##### Data in this exercise

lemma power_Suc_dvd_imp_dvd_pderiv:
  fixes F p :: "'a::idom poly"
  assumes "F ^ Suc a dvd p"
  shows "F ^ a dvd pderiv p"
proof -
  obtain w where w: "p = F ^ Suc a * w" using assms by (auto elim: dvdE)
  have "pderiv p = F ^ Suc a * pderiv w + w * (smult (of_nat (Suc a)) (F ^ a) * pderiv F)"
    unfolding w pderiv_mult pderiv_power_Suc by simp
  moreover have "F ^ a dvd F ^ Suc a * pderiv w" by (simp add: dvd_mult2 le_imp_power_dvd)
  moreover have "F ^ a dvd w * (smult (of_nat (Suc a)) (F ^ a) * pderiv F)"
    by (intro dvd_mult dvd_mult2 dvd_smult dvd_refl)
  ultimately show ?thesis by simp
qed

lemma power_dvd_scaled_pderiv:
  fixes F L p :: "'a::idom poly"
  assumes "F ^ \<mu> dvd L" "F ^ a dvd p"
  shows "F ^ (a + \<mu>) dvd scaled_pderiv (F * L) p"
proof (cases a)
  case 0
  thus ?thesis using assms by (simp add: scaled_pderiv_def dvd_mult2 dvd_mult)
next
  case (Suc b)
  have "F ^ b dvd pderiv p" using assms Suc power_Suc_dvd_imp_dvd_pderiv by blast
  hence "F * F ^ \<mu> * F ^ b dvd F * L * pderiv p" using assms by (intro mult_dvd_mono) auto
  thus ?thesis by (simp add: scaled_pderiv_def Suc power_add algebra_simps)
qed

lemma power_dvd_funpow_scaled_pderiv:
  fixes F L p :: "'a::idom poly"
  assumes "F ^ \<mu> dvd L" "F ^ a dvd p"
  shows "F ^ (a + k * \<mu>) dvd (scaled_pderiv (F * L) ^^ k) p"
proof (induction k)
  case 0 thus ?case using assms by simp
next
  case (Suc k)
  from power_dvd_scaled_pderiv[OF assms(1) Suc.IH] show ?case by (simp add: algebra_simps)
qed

##########
##### Data in this exercise

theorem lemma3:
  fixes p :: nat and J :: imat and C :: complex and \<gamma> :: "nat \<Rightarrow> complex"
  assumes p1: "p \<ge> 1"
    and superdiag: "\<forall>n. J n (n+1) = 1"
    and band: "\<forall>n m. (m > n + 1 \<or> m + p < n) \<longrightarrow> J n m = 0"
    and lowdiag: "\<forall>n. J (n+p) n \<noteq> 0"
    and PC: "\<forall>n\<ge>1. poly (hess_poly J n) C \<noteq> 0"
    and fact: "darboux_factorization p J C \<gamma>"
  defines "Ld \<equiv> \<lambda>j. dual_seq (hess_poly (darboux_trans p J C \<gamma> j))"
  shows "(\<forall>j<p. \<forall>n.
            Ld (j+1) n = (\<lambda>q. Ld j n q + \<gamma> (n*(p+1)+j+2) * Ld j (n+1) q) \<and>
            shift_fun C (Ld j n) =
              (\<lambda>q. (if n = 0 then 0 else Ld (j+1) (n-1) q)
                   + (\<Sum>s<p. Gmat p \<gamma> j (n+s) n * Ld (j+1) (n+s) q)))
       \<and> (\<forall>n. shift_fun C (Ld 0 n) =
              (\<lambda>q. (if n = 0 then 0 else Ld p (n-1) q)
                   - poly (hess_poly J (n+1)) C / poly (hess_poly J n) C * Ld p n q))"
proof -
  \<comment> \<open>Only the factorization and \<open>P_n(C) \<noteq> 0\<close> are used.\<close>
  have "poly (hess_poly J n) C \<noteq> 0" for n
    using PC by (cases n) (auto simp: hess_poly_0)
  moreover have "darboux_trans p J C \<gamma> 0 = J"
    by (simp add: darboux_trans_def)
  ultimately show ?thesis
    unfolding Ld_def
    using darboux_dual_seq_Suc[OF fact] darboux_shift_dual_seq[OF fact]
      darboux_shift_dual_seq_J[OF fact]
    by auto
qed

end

##########
##### Data in this exercise

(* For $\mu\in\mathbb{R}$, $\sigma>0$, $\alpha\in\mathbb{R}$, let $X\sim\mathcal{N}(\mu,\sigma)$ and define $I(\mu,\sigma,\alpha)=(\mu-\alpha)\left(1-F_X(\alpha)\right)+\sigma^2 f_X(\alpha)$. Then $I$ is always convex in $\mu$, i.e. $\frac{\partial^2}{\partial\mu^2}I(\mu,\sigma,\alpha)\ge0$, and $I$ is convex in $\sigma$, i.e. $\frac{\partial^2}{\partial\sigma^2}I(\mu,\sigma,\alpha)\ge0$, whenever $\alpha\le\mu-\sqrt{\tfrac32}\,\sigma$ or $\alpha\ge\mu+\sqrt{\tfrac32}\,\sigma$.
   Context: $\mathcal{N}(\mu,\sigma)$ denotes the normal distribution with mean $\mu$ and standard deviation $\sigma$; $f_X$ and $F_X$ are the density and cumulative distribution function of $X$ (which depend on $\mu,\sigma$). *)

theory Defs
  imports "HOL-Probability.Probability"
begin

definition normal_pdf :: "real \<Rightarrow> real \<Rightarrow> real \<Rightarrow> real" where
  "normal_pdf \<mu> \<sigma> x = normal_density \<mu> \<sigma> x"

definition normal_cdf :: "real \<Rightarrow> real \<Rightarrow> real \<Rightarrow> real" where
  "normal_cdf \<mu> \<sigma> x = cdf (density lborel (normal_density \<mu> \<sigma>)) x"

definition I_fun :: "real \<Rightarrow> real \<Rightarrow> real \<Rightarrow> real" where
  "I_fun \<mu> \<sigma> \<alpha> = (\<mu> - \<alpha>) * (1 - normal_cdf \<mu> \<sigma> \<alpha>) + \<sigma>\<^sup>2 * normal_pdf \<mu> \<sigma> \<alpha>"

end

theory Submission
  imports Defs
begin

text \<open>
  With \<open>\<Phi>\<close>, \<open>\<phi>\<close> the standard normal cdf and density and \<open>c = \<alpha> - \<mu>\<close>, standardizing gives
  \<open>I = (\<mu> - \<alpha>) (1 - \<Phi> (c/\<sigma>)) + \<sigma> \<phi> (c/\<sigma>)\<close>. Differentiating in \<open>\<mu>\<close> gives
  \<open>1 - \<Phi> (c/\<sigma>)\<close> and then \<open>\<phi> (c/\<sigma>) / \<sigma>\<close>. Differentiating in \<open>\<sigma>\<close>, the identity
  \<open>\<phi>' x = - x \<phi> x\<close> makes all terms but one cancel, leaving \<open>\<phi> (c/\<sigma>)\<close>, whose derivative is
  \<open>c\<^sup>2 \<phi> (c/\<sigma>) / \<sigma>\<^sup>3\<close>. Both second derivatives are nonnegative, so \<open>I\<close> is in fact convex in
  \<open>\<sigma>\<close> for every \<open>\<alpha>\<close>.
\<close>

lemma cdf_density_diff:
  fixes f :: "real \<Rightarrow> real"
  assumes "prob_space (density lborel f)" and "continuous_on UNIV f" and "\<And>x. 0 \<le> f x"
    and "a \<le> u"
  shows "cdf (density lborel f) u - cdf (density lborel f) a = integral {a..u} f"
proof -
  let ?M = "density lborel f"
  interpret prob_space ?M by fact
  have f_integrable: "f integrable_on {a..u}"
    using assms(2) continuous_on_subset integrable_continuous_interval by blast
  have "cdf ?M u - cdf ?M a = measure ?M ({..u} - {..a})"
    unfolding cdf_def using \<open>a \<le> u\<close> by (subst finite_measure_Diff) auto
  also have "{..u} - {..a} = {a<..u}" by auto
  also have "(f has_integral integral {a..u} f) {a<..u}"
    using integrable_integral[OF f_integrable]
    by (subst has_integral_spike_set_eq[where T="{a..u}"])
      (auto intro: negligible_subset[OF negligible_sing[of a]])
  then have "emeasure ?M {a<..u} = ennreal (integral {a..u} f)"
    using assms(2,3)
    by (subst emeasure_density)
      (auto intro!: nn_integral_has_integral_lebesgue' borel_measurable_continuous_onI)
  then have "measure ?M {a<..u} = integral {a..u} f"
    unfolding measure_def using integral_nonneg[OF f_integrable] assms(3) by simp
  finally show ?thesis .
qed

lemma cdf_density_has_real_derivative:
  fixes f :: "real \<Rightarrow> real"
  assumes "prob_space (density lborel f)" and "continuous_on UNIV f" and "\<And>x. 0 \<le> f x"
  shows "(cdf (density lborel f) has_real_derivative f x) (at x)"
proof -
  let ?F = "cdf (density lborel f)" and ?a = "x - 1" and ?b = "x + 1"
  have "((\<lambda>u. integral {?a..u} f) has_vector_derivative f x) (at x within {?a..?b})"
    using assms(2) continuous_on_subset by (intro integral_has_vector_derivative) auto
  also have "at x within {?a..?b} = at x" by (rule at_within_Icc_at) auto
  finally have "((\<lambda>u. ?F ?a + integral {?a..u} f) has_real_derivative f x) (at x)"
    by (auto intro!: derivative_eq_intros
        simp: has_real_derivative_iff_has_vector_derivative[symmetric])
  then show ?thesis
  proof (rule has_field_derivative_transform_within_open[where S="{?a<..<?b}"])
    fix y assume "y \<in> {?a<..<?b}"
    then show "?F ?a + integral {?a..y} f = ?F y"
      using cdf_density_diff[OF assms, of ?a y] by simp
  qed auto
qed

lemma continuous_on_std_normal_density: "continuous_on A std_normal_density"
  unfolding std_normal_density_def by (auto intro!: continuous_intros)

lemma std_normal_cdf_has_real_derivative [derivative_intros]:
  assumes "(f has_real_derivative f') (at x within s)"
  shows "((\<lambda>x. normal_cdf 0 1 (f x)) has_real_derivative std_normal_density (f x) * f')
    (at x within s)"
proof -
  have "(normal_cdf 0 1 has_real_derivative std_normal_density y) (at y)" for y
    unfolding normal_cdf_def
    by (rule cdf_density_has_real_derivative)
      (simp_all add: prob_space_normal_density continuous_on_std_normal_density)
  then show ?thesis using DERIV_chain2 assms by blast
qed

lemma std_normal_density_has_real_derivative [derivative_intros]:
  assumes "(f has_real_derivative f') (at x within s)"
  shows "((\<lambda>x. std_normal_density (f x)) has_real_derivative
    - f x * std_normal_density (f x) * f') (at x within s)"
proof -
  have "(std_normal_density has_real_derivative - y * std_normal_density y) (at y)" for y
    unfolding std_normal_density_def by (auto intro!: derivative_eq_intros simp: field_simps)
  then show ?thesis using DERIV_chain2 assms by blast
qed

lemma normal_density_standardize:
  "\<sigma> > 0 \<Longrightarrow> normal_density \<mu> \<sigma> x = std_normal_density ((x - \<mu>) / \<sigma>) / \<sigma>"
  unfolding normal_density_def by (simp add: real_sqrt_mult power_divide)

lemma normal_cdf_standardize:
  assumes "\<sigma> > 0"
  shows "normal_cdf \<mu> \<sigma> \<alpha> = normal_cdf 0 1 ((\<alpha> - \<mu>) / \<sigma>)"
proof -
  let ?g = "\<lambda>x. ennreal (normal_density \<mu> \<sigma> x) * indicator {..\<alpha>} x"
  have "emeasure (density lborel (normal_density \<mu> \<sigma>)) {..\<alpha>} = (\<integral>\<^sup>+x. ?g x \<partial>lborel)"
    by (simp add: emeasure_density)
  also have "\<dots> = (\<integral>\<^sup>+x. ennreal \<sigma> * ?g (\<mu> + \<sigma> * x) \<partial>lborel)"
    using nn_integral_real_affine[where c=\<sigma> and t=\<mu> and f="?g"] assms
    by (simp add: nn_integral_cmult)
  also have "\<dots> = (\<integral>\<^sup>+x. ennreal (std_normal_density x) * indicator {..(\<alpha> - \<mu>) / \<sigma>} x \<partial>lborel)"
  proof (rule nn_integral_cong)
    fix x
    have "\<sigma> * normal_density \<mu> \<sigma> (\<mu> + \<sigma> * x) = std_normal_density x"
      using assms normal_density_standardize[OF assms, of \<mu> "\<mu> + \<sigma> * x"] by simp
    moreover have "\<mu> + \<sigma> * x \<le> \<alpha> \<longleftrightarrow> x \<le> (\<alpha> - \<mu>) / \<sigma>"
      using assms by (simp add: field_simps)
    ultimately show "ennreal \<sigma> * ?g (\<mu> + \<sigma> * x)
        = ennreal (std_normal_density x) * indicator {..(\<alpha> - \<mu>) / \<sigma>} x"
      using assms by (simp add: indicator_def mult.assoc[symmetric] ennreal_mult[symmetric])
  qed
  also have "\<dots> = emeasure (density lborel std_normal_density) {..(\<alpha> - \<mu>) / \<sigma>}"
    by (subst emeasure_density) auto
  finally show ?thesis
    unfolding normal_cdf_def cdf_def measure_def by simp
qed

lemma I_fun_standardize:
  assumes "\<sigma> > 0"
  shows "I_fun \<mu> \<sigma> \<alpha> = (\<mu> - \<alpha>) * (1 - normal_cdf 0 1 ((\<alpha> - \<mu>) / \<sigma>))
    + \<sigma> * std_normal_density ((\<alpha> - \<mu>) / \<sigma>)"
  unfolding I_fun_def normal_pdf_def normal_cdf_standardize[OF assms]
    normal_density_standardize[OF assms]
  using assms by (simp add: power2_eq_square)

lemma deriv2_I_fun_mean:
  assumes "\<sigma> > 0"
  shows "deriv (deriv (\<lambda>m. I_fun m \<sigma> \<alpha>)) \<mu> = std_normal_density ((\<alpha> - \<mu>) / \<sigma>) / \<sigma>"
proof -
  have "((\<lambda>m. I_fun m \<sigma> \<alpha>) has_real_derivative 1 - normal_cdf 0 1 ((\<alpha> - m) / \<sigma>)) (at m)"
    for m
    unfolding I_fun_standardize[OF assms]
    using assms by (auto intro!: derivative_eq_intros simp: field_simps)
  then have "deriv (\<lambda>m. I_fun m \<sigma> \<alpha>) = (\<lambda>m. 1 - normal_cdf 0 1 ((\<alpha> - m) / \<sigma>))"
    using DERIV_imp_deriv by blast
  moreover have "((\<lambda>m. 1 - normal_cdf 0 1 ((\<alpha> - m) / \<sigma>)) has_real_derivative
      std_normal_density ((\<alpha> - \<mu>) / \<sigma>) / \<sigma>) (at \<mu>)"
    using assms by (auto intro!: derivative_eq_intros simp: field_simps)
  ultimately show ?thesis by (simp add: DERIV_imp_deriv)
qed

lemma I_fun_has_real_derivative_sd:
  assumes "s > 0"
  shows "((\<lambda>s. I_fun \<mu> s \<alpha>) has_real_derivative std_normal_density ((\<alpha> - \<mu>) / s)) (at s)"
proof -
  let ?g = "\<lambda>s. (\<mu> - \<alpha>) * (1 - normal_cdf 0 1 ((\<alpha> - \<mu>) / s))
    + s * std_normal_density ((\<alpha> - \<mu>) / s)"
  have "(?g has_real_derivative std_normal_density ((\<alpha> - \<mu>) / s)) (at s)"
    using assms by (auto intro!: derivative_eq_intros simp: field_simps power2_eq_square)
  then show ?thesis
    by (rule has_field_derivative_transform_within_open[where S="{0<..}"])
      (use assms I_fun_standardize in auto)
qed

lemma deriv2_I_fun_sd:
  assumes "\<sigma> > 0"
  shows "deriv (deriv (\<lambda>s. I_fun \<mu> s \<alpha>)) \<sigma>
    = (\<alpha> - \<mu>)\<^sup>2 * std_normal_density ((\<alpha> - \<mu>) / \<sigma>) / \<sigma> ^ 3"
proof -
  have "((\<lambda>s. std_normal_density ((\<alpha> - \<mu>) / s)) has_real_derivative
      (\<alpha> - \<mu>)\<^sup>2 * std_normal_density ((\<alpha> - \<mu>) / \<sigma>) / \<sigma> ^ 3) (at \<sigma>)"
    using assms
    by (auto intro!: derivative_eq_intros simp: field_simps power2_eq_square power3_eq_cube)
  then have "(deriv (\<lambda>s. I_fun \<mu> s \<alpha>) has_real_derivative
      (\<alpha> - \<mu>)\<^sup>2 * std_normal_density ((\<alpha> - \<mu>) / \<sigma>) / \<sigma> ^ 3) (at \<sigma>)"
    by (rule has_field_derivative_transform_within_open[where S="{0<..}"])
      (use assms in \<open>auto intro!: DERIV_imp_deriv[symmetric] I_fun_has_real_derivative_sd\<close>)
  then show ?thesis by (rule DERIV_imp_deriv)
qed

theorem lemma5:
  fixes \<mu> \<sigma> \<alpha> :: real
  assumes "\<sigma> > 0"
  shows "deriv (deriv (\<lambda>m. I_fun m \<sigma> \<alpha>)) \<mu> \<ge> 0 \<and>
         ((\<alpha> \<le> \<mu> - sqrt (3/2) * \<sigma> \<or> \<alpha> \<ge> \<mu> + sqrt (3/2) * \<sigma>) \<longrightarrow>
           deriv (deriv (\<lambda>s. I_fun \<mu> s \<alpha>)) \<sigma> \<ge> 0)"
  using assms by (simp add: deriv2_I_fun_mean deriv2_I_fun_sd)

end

##########

### Task statement
Every line of the records containing the word "thus" must appear in the answer.

### Exercise output
  thus ?thesis using assms by (simp add: scaled_pderiv_def dvd_mult2 dvd_mult)
  thus ?thesis by (simp add: scaled_pderiv_def Suc power_add algebra_simps)
  case 0 thus ?case using assms by simp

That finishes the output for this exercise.